▸ **WHAT THE TASK ASKS**
Beginning at the line containing "using assms by (intro" in the material below and ending at the line containing "by (simp add: M_def add_nonneg_pos)", return each line exactly and add nothing.

▸ **EXTRACTED ENTRIES**
▼▼▼
(* Assume $\gamma\neq\pm2$. The brackets $\{\cdot,\cdot\}_{(1)}$ and $\{\cdot,\cdot\}_{(2)}$ below, on functions of $p_1,\dots,p_N,q_{12},q_{23},\dots,q_{N-1,N}$, are compatible: for every constant $w$, the bracket $\{\cdot,\cdot\}_w=\{\cdot,\cdot\}_{(1)}+w\,\{\cdot,\cdot\}_{(2)}$ is a Poisson bracket. Equivalently, for all functions $F,G,H$, $$\{\{F,G\}_{(2)},H\}_{(1)}+\{\{G,H\}_{(2)},F\}_{(1)}+\{\{H,F\}_{(2)},G\}_{(1)}+\{\{F,G\}_{(1)},H\}_{(2)}+\{\{G,H\}_{(1)},F\}_{(2)}+\{\{H,F\}_{(1)},G\}_{(2)}=0.$$
   Context: Fix $N\ge2$, $\nu\neq0$. Variables $p_1,\dots,p_N>0$, $q_1,\dots,q_N$ pairwise distinct with fixed ordering; $q_{ij}=q_i-q_j$, $\mathfrak s_{ij}=\mathrm{sgn}(q_i-q_j)$, $\mathfrak s_{ii}=0$. The first bracket is induced from the canonical one: $\{p_i,p_k\}_{(1)}=0$, $\{q_{ij},p_k\}_{(1)}=\delta_{ik}-\delta_{jk}$, $\{q_{ij},q_{kl}\}_{(1)}=0$. With $\mathcal Q_{ik}=(\gamma-2)e^{\nu|q_{ik}|}-(\gamma+2)e^{-\nu|q_{ik}|}+4$ and $\mathcal S_{ik}=(\gamma-2)e^{\nu|q_{ik}|}+(\gamma+2)e^{-\nu|q_{ik}|}$, the second bracket is: $\{p_i,p_k\}_{(2)}=\frac{\nu}{4}\mathfrak s_{ik}p_ip_k(\mathcal Q_{ik}-4)$, $\{q_{ij},p_k\}_{(2)}=-\frac14p_k(\mathcal S_{ik}-\mathcal S_{jk})$, $\{q_{ij},q_{kl}\}_{(2)}=-\frac{1}{4\nu}(\mathfrak s_{ik}\mathcal Q_{ik}-\mathfrak s_{jk}\mathcal Q_{jk}-\mathfrak s_{il}\mathcal Q_{il}+\mathfrak s_{jl}\mathcal Q_{jl})$. Both are extended to arbitrary smooth functions by the Leibniz rule. *)

theory Defs
  imports "HOL-Analysis.Analysis"
begin

text \<open>Phase space points z = (p, q) with p, q :: real^'n, where CARD('n) = N.
  Functions of p_1..p_N and the differences q_ij are represented as functions of (p,q)
  that are invariant under the translation q -> q + c(1,...,1).\<close>

type_synonym 'n phase = "(real^'n) \<times> (real^'n)"

definition phase_dom :: "'n::finite phase set" where
  "phase_dom = {z. (\<forall>i. 0 < fst z $ i) \<and> (\<forall>i j. i \<noteq> j \<longrightarrow> snd z $ i \<noteq> snd z $ j)}"

definition transl_inv :: "('n::finite phase \<Rightarrow> real) \<Rightarrow> bool" where
  "transl_inv F \<longleftrightarrow> (\<forall>z\<in>phase_dom. \<forall>c::real. F (fst z, snd z + c *\<^sub>R (\<chi> i. 1)) = F z)"

definition dirderiv :: "'a::real_normed_vector \<Rightarrow> ('a \<Rightarrow> real) \<Rightarrow> 'a \<Rightarrow> real" where
  "dirderiv u F z = deriv (\<lambda>t. F (z + t *\<^sub>R u)) 0"

fun iter_dir :: "'a::real_normed_vector list \<Rightarrow> ('a \<Rightarrow> real) \<Rightarrow> 'a \<Rightarrow> real" where
  "iter_dir [] F = F"
| "iter_dir (u # us) F = dirderiv u (iter_dir us F)"

definition smooth_on :: "'a::real_normed_vector set \<Rightarrow> ('a \<Rightarrow> real) \<Rightarrow> bool" where
  "smooth_on D F \<longleftrightarrow> (\<forall>us. continuous_on D (iter_dir us F) \<and>
      (\<forall>z\<in>D. \<forall>u. (\<lambda>t. iter_dir us F (z + t *\<^sub>R u)) differentiable (at 0)))"

definition dp :: "('n::finite phase \<Rightarrow> real) \<Rightarrow> 'n \<Rightarrow> 'n phase \<Rightarrow> real" where
  "dp F i = dirderiv (axis i 1, 0) F"

definition dq :: "('n::finite phase \<Rightarrow> real) \<Rightarrow> 'n \<Rightarrow> 'n phase \<Rightarrow> real" where
  "dq F i = dirderiv (0, axis i 1) F"

definition sQ :: "real \<Rightarrow> real \<Rightarrow> real \<Rightarrow> real" where
  "sQ \<gamma> \<nu> x = (\<gamma> - 2) * exp (\<nu> * \<bar>x\<bar>) - (\<gamma> + 2) * exp (- \<nu> * \<bar>x\<bar>) + 4"

definition sS :: "real \<Rightarrow> real \<Rightarrow> real \<Rightarrow> real" where
  "sS \<gamma> \<nu> x = (\<gamma> - 2) * exp (\<nu> * \<bar>x\<bar>) + (\<gamma> + 2) * exp (- \<nu> * \<bar>x\<bar>)"

text \<open>First bracket (canonical, {q_i,p_k} = delta_ik, inducing {q_ij,p_k} = delta_ik - delta_jk),
  extended by the Leibniz rule.\<close>

definition br1 :: "('n::finite phase \<Rightarrow> real) \<Rightarrow> ('n phase \<Rightarrow> real) \<Rightarrow> 'n phase \<Rightarrow> real" where
  "br1 F G z = (\<Sum>i\<in>UNIV. dq F i z * dp G i z - dp F i z * dq G i z)"

text \<open>Second bracket, via the lift {p_i,p_k} = PP, {q_i,p_k} = QP, {q_i,q_k} = QQ, which
  reproduces exactly the paper's brackets on p_k and on differences q_ij
  ({q_ij,p_k} = QP i k - QP j k, {q_ij,q_kl} = QQ i k - QQ j k - QQ i l + QQ j l);
  on translation-invariant functions the result does not depend on the lift.\<close>

definition PP :: "real \<Rightarrow> real \<Rightarrow> 'n::finite phase \<Rightarrow> 'n \<Rightarrow> 'n \<Rightarrow> real" where
  "PP \<gamma> \<nu> z i k = \<nu> / 4 * sgn (snd z $ i - snd z $ k) * (fst z $ i) * (fst z $ k)
      * (sQ \<gamma> \<nu> (snd z $ i - snd z $ k) - 4)"

definition QP :: "real \<Rightarrow> real \<Rightarrow> 'n::finite phase \<Rightarrow> 'n \<Rightarrow> 'n \<Rightarrow> real" where
  "QP \<gamma> \<nu> z i k = - 1 / 4 * (fst z $ k) * sS \<gamma> \<nu> (snd z $ i - snd z $ k)"

definition QQ :: "real \<Rightarrow> real \<Rightarrow> 'n::finite phase \<Rightarrow> 'n \<Rightarrow> 'n \<Rightarrow> real" where
  "QQ \<gamma> \<nu> z i k = - 1 / (4 * \<nu>) * sgn (snd z $ i - snd z $ k) * sQ \<gamma> \<nu> (snd z $ i - snd z $ k)"

definition br2 :: "real \<Rightarrow> real \<Rightarrow> ('n::finite phase \<Rightarrow> real) \<Rightarrow> ('n phase \<Rightarrow> real) \<Rightarrow> 'n phase \<Rightarrow> real" where
  "br2 \<gamma> \<nu> F G z = (\<Sum>i\<in>UNIV. \<Sum>k\<in>UNIV.
       dp F i z * dp G k z * PP \<gamma> \<nu> z i k
     + dq F i z * dp G k z * QP \<gamma> \<nu> z i k
     - dp F k z * dq G i z * QP \<gamma> \<nu> z i k
     + dq F i z * dq G k z * QQ \<gamma> \<nu> z i k)"

definition brw :: "real \<Rightarrow> real \<Rightarrow> real \<Rightarrow> ('n::finite phase \<Rightarrow> real) \<Rightarrow> ('n phase \<Rightarrow> real) \<Rightarrow> 'n phase \<Rightarrow> real" where
  "brw \<gamma> \<nu> w F G z = br1 F G z + w * br2 \<gamma> \<nu> F G z"

end

theory Submission
  imports Defs
begin

(* Both brackets have the form {F, G}_P = sum_{a,b} P_ab(z) dF_a dG_b, where a, b run over the
   coordinates p_i, q_i and P is the canonical structure Pi_1 or the structure Pi_2 lifting the
   paper's brackets on p_k and q_ij. For antisymmetric P and R the second derivatives of F, G, H
   drop out of the cyclic sum of {{F, G}_R, H}_P + {{F, G}_P, H}_R because Hessians are symmetric;
   what remains is the Schouten bracket [P, R] evaluated on dF, dG, dH. The addition formulas for
   sinh and cosh give [Pi_1, Pi_2] = 0 and [Pi_2, Pi_2] = E /\ Lambda, where E = sum_i d/dq_i
   generates the translations q -> q + c(1, ..., 1). Translation-invariant functions are
   annihilated by E, so on them [Pi_1 + w Pi_2, Pi_1 + w Pi_2] = 2 w [Pi_1, Pi_2] + w^2 [Pi_2, Pi_2]
   vanishes, which is the Jacobi identity for the pencil, and [Pi_1, Pi_2] = 0 is the
   compatibility. *)

section \<open>Directional derivatives\<close>

definition directionally_differentiable_on :: "'a::real_normed_vector set \<Rightarrow> ('a \<Rightarrow> real) \<Rightarrow> bool" where
  "directionally_differentiable_on D F \<longleftrightarrow>
     (\<forall>z\<in>D. \<forall>u. (\<lambda>t. F (z + t *\<^sub>R u)) differentiable (at 0))"

lemma iter_dir_dirderiv: "iter_dir us (dirderiv u F) = iter_dir (us @ [u]) F"
  by (induction us) simp_all

lemma smooth_on_dirderiv: "smooth_on D F \<Longrightarrow> smooth_on D (dirderiv u F)"
  by (simp add: smooth_on_def iter_dir_dirderiv)

lemma smooth_on_directionally_differentiable:
  "smooth_on D F \<Longrightarrow> directionally_differentiable_on D F"
  unfolding smooth_on_def directionally_differentiable_on_def by (metis iter_dir.simps(1))

lemma smooth_on_continuous_on: "smooth_on D F \<Longrightarrow> continuous_on D F"
  unfolding smooth_on_def by (metis iter_dir.simps(1))

lemma has_real_derivative_along_line:
  assumes "directionally_differentiable_on D F" and "x + s *\<^sub>R v \<in> D"
  shows "((\<lambda>r. F (x + r *\<^sub>R v)) has_real_derivative dirderiv v F (x + s *\<^sub>R v)) (at s)"
proof -
  let ?y = "x + s *\<^sub>R v"
  have "((\<lambda>t. F (?y + t *\<^sub>R v)) has_real_derivative dirderiv v F ?y) (at (s + - s))"
    using assms by (simp add: directionally_differentiable_on_def dirderiv_def
        DERIV_deriv_iff_real_differentiable)
  then have "((\<lambda>r. F (?y + (r + - s) *\<^sub>R v)) has_real_derivative dirderiv v F ?y) (at s)"
    by (rule DERIV_shift[THEN iffD1])
  then show ?thesis
    by (simp add: algebra_simps)
qed

lemma mvt_along_line:
  assumes "directionally_differentiable_on D F" and "0 < h" and "\<forall>t\<in>{0..h}. x + t *\<^sub>R v \<in> D"
  obtains \<theta> where "0 < \<theta>" "\<theta> < h" "F (x + h *\<^sub>R v) - F x = h * dirderiv v F (x + \<theta> *\<^sub>R v)"
proof -
  have "\<exists>\<theta>>0. \<theta> < h \<and> F (x + h *\<^sub>R v) - F (x + 0 *\<^sub>R v) = (h - 0) * dirderiv v F (x + \<theta> *\<^sub>R v)"
    using assms by (intro MVT2) (auto intro: has_real_derivative_along_line)
  with that show ?thesis by auto
qed

lemma eventually_small_parallelogram:
  fixes y u v :: "'a::real_normed_vector"
  assumes "open S" and "y \<in> S"
  shows "\<forall>\<^sub>F h in at_right 0. \<forall>s\<in>{0..h}. \<forall>t\<in>{0..h}. y + s *\<^sub>R u + t *\<^sub>R v \<in> S"
proof -
  obtain r where "r > 0" and r: "ball y r \<subseteq> S"
    using assms open_contains_ball by blast
  define M where "M = norm u + norm v + 1"
  have "M > 0"
    by (simp add: M_def add_nonneg_pos)
  have "y + s *\<^sub>R u + t *\<^sub>R v \<in> S" if "0 < h" "h < r / M" "s \<in> {0..h}" "t \<in> {0..h}" for h s t
  proof -
    have "norm (s *\<^sub>R u + t *\<^sub>R v) \<le> s * norm u + t * norm v"
      using norm_triangle_ineq[of "s *\<^sub>R u" "t *\<^sub>R v"] that by simp
    also have "\<dots> \<le> h * norm u + h * norm v"
      using that by (intro add_mono mult_right_mono) auto
    also have "\<dots> \<le> h * M"
      using that by (simp add: M_def algebra_simps)
    also have "\<dots> < r"
      using that \<open>M > 0\<close> by (simp add: pos_less_divide_eq)
    finally have "dist (y + s *\<^sub>R u + t *\<^sub>R v) y < r"
      by (simp add: dist_norm add.assoc)
    then show ?thesis
      using r by (auto simp: dist_commute subset_iff)
  qed
  then show ?thesis
    unfolding eventually_at_right_field using \<open>r > 0\<close> \<open>M > 0\<close>
    by (intro exI[of _ "r / M"]) auto
qed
▲▲▲
▸ **ANSWER TO THIS TASK**
    using assms by (intro MVT2) (auto intro: has_real_derivative_along_line)
  with that show ?thesis by auto
qed

lemma eventually_small_parallelogram:
  fixes y u v :: "'a::real_normed_vector"
  assumes "open S" and "y \<in> S"
  shows "\<forall>\<^sub>F h in at_right 0. \<forall>s\<in>{0..h}. \<forall>t\<in>{0..h}. y + s *\<^sub>R u + t *\<^sub>R v \<in> S"
proof -
  obtain r where "r > 0" and r: "ball y r \<subseteq> S"
    using assms open_contains_ball by blast
  define M where "M = norm u + norm v + 1"
  have "M > 0"
    by (simp add: M_def add_nonneg_pos)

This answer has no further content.